(* Suppose the sequence $\{\mathcal{G}[k]\}_{k\ge0}$ satisfies the joint strong-connectivity assumption with parameter $T$. Then for every substate $j\in\{1,\dots,N\}$, under the freshness-index rules, $\tau^{(j)}_i[k]\neq\omega$ for all $k\ge (N-1)T$ and all $i\in\mathcal{V}$.
   Context: Graphs. Nodes $\mathcal{V}=\{1,\dots,N\}$. At each time $k\in\mathbb{N}=\{0,1,2,\dots\}$ there is a directed graph $\mathcal{G}[k]=(\mathcal{V},\mathcal{E}[k])$; $(i,j)\in\mathcal{E}[k]$ means node $i$ can send information to node $j$ at time $k$. $\mathcal{N}_i[k]=\{l\neq i:(l,i)\in\mathcal{E}[k]\}$ is the set of neighbors of $i$ at time $k$. The union graph over an interval of times has vertex set $\mathcal{V}$ and edge set the union of the edge sets over that interval. Joint strong-connectivity assumption: there is $T\in\mathbb{N}_+=\{1,2,\dots\}$ such that for every $k\in\mathbb{N}$ the union graph over $[kT,(k+1)T)$ is strongly connected. Freshness indices. For each substate index $j\in\{1,\dots,N\}$ (node $j$ being the source node of substate $j$) and node $i$, node $i$ keeps $\tau^{(j)}_i[k]\in\{\omega\}\cup\mathbb{N}$, where $\omega$ is a special symbol. Initialization: $\tau^{(j)}_j[0]=0$, $\tau^{(j)}_i[0]=\omega$ for $i\neq j$. The source keeps $\tau^{(j)}_j[k]=0$ for all $k$. For $i\neq j$, let $\mathcal{M}^{(j)}_i[k]=\{l\in\mathcal{N}_i[k]:\tau^{(j)}_l[k]\neq\omega\}$. Case 1, $\tau^{(j)}_i[k]=\omega$: if $\mathcal{M}^{(j)}_i[k]\neq\emptyset$, let $u$ be any minimizer of $\tau^{(j)}_l[k]$ over $l\in\mathcal{M}^{(j)}_i[k]$ and set $\tau^{(j)}_i[k+1]=\tau^{(j)}_u[k]+1$; otherwise set $\tau^{(j)}_i[k+1]=\omega$. Case 2, $\tau^{(j)}_i[k]\neq\omega$: let $\mathcal{F}^{(j)}_i[k]=\{l\in\mathcal{M}^{(j)}_i[k]:\tau^{(j)}_l[k]<\tau^{(j)}_i[k]\}$; if nonempty, let $u$ be any minimizer of $\tau^{(j)}_l[k]$ over $\mathcal{F}^{(j)}_i[k]$ and set $\tau^{(j)}_i[k+1]=\tau^{(j)}_u[k]+1$; otherwise set $\tau^{(j)}_i[k+1]=\tau^{(j)}_i[k]+1$. *)

theory Defs
  imports Main
begin

text \<open>A time-varying directed graph is a map
  E :: nat \<Rightarrow> (nat \<times> nat) set; (i,l) \<in> E k means node i can send to node l at time k.
  The special symbol omega is represented by None; a value t \<in> \<nat> by Some t.
  tau i k is the freshness index of node i at time k (for one fixed substate j).\<close>

definition nodes :: "nat \<Rightarrow> nat set" where
  "nodes N = {1..N}"

definition nbrs :: "(nat \<Rightarrow> (nat \<times> nat) set) \<Rightarrow> nat \<Rightarrow> nat \<Rightarrow> nat set" where
  "nbrs E i k = {l. l \<noteq> i \<and> (l, i) \<in> E k}"

definition union_edges :: "(nat \<Rightarrow> (nat \<times> nat) set) \<Rightarrow> nat \<Rightarrow> nat \<Rightarrow> (nat \<times> nat) set" where
  "union_edges E a b = (\<Union>k\<in>{a..<b}. E k)"

definition strongly_connected :: "nat set \<Rightarrow> (nat \<times> nat) set \<Rightarrow> bool" where
  "strongly_connected V R \<longleftrightarrow> (\<forall>a\<in>V. \<forall>b\<in>V. (a, b) \<in> R\<^sup>*)"

definition graph_seq :: "nat \<Rightarrow> (nat \<Rightarrow> (nat \<times> nat) set) \<Rightarrow> bool" where
  "graph_seq N E \<longleftrightarrow> (\<forall>k. E k \<subseteq> nodes N \<times> nodes N)"

definition joint_strong_conn :: "nat \<Rightarrow> (nat \<Rightarrow> (nat \<times> nat) set) \<Rightarrow> nat \<Rightarrow> bool" where
  "joint_strong_conn N E T \<longleftrightarrow> T \<ge> 1 \<and>
     (\<forall>k. strongly_connected (nodes N) (union_edges E (k * T) ((k + 1) * T)))"

definition fresh_step :: "(nat \<Rightarrow> (nat \<times> nat) set) \<Rightarrow> (nat \<Rightarrow> nat \<Rightarrow> nat option) \<Rightarrow> nat \<Rightarrow> nat \<Rightarrow> bool" where
  "fresh_step E tau i k \<longleftrightarrow>
     (let M = {l \<in> nbrs E i k. tau l k \<noteq> None} in
      case tau i k of
        None \<Rightarrow>
          (if M \<noteq> {} then
             (\<exists>u\<in>M. (\<forall>l\<in>M. the (tau u k) \<le> the (tau l k)) \<and> tau i (Suc k) = Some (the (tau u k) + 1))
           else tau i (Suc k) = None)
      | Some t \<Rightarrow>
          (let F = {l \<in> M. the (tau l k) < t} in
           if F \<noteq> {} then
             (\<exists>u\<in>F. (\<forall>l\<in>F. the (tau u k) \<le> the (tau l k)) \<and> tau i (Suc k) = Some (the (tau u k) + 1))
           else tau i (Suc k) = Some (t + 1)))"

definition fresh_rules :: "nat \<Rightarrow> (nat \<Rightarrow> (nat \<times> nat) set) \<Rightarrow> nat \<Rightarrow> (nat \<Rightarrow> nat \<Rightarrow> nat option) \<Rightarrow> bool" where
  "fresh_rules N E j tau \<longleftrightarrow>
     (\<forall>i\<in>nodes N. i \<noteq> j \<longrightarrow> tau i 0 = None) \<and>
     (\<forall>k. tau j k = Some 0) \<and>
     (\<forall>k. \<forall>i\<in>nodes N. i \<noteq> j \<longrightarrow> fresh_step E tau i k)"

end

theory Submission
  imports Defs
begin

text \<open>Once a node holds a value it keeps one, since the update rule of an informed node always
  writes some value. Hence the set of informed nodes is monotone in time, and by strong
  connectivity of each window \<open>[mT, (m+1)T)\<close> some edge of that window leads from an informed to an
  uninformed node, so every window informs at least one new node until all \<open>N\<close> nodes are
  informed. Starting from the source alone, \<open>N - 1\<close> windows suffice.\<close>

definition informed :: "nat \<Rightarrow> (nat \<Rightarrow> nat \<Rightarrow> nat option) \<Rightarrow> nat \<Rightarrow> nat set" where
  "informed N tau k = {i \<in> nodes N. tau i k \<noteq> None}"

lemma fresh_rules_keeps_value:
  assumes "fresh_rules N E j tau" "i \<in> nodes N" "tau i k \<noteq> None"
  shows "tau i (Suc k) \<noteq> None"
proof (cases "i = j")
  case True
  then show ?thesis using assms by (simp add: fresh_rules_def)
next
  case False
  then have "fresh_step E tau i k" using assms by (simp add: fresh_rules_def)
  then show ?thesis using assms(3)
    unfolding fresh_step_def Let_def by (auto split: option.splits if_splits)
qed

lemma fresh_rules_receives_value:
  assumes "fresh_rules N E j tau" "i \<in> nodes N" "l \<noteq> i" "(l, i) \<in> E k" "tau l k \<noteq> None"
  shows "tau i (Suc k) \<noteq> None"
proof (cases "tau i k = None \<and> i \<noteq> j")
  case True
  then have "fresh_step E tau i k" using assms by (simp add: fresh_rules_def)
  moreover have "{l \<in> nbrs E i k. tau l k \<noteq> None} \<noteq> {}" using assms by (auto simp: nbrs_def)
  ultimately show ?thesis using True unfolding fresh_step_def Let_def by auto
next
  case False
  then show ?thesis
    using fresh_rules_keeps_value[OF assms(1,2)] assms(1) by (auto simp: fresh_rules_def)
qed

lemma informed_mono:
  assumes "fresh_rules N E j tau" "k \<le> k'"
  shows "informed N tau k \<subseteq> informed N tau k'"
  using assms(2)
proof (induction k' rule: dec_induct)
  case (step n)
  then show ?case
    using fresh_rules_keeps_value[OF assms(1)] unfolding informed_def by blast
qed simp

lemma source_informed:
  assumes "fresh_rules N E j tau" "j \<in> nodes N"
  shows "j \<in> informed N tau k"
  using assms by (simp add: fresh_rules_def informed_def)

lemma rtrancl_leaves_set:
  assumes "(a, b) \<in> R\<^sup>*" "a \<in> S" "b \<notin> S"
  obtains x y where "(x, y) \<in> R" "x \<in> S" "y \<notin> S"
  using assms by (induction rule: rtrancl_induct) blast+

lemma informed_grows_over_connected_window:
  assumes "graph_seq N E" "fresh_rules N E j tau" "j \<in> nodes N"
    and conn: "strongly_connected (nodes N) (union_edges E a b)"
  shows "informed N tau a = nodes N \<or> informed N tau a \<subset> informed N tau b"
proof (cases "informed N tau a = nodes N")
  case False
  then obtain c where c: "c \<in> nodes N" "c \<notin> informed N tau a"
    unfolding informed_def by blast
  have "(j, c) \<in> (union_edges E a b)\<^sup>*"
    using conn assms(3) c(1) unfolding strongly_connected_def by blast
  then obtain x y where xy: "(x, y) \<in> union_edges E a b"
    "x \<in> informed N tau a" "y \<notin> informed N tau a"
    using rtrancl_leaves_set source_informed[OF assms(2,3)] c(2) by metis
  then obtain k where k: "a \<le> k" "k < b" "(x, y) \<in> E k"
    unfolding union_edges_def by auto
  have y: "y \<in> nodes N" using assms(1) k(3) unfolding graph_seq_def by blast
  have "x \<in> informed N tau k" using informed_mono[OF assms(2) k(1)] xy(2) by blast
  then have "y \<in> informed N tau (Suc k)"
    using fresh_rules_receives_value[OF assms(2) y _ k(3)] xy(2,3) y
    unfolding informed_def by blast
  then have "y \<in> informed N tau b" using informed_mono[OF assms(2), of "Suc k" b] k(2) by auto
  then show ?thesis using xy(3) informed_mono[OF assms(2), of a b] k by auto
qed simp

lemma card_informed_after_windows:
  assumes "graph_seq N E" "joint_strong_conn N E T" "fresh_rules N E j tau" "j \<in> nodes N"
  shows "min N (Suc m) \<le> card (informed N tau (m * T))"
proof (induction m)
  case 0
  have "informed N tau 0 \<noteq> {}" using source_informed[OF assms(3,4)] by blast
  moreover have "finite (informed N tau 0)" by (simp add: informed_def nodes_def)
  ultimately show ?case by (simp add: card_gt_0_iff Suc_le_eq min_le_iff_disj)
next
  case (Suc m)
  have "strongly_connected (nodes N) (union_edges E (m * T) (Suc m * T))"
    using assms(2) by (simp add: joint_strong_conn_def)
  then consider "informed N tau (m * T) = nodes N"
    | "informed N tau (m * T) \<subset> informed N tau (Suc m * T)"
    using informed_grows_over_connected_window[OF assms(1,3,4)] by blast
  then show ?case
  proof cases
    case 1
    have "informed N tau (m * T) \<subseteq> informed N tau (Suc m * T)"
      using informed_mono[OF assms(3)] by simp
    then have "informed N tau (Suc m * T) = nodes N"
      using 1 unfolding informed_def by blast
    then show ?thesis by (simp add: nodes_def)
  next
    case 2
    then have "card (informed N tau (m * T)) < card (informed N tau (Suc m * T))"
      by (intro psubset_card_mono) (simp_all add: informed_def nodes_def)
    then show ?thesis using Suc.IH by simp
  qed
qed

theorem lemma3:
  fixes N T j :: nat and E :: "nat \<Rightarrow> (nat \<times> nat) set" and tau :: "nat \<Rightarrow> nat \<Rightarrow> nat option"
  assumes "graph_seq N E"
    and "joint_strong_conn N E T"
    and "j \<in> nodes N"
    and "fresh_rules N E j tau"
  shows "\<forall>k \<ge> (N - 1) * T. \<forall>i \<in> nodes N. tau i k \<noteq> None"
proof -
  have "N \<ge> 1" using assms(3) by (simp add: nodes_def)
  then have "N \<le> card (informed N tau ((N - 1) * T))"
    using card_informed_after_windows[OF assms(1,2,4,3), of "N - 1"] by simp
  moreover have "informed N tau ((N - 1) * T) \<subseteq> nodes N" by (auto simp: informed_def)
  ultimately have full: "informed N tau ((N - 1) * T) = nodes N"
    by (metis card_seteq finite_atLeastAtMost card_atLeastAtMost diff_Suc_1 nodes_def)
  show ?thesis
  proof (intro allI impI ballI)
    fix k i assume "(N - 1) * T \<le> k" "i \<in> nodes N"
    then have "i \<in> informed N tau k" using full informed_mono[OF assms(4)] by blast
    then show "tau i k \<noteq> None" by (simp add: informed_def)
  qed
qed

end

• _WHAT THIS TASK INVOLVES_: Lines with the word "proof" in them: report all of these from the listing above.

• _ANSWER SPACE_:
proof (cases "i = j")
proof (cases "tau i k = None \<and> i \<noteq> j")
proof (induction k' rule: dec_induct)
proof (cases "informed N tau a = nodes N")
proof (induction m)
  proof cases
proof -
  proof (intro allI impI ballI)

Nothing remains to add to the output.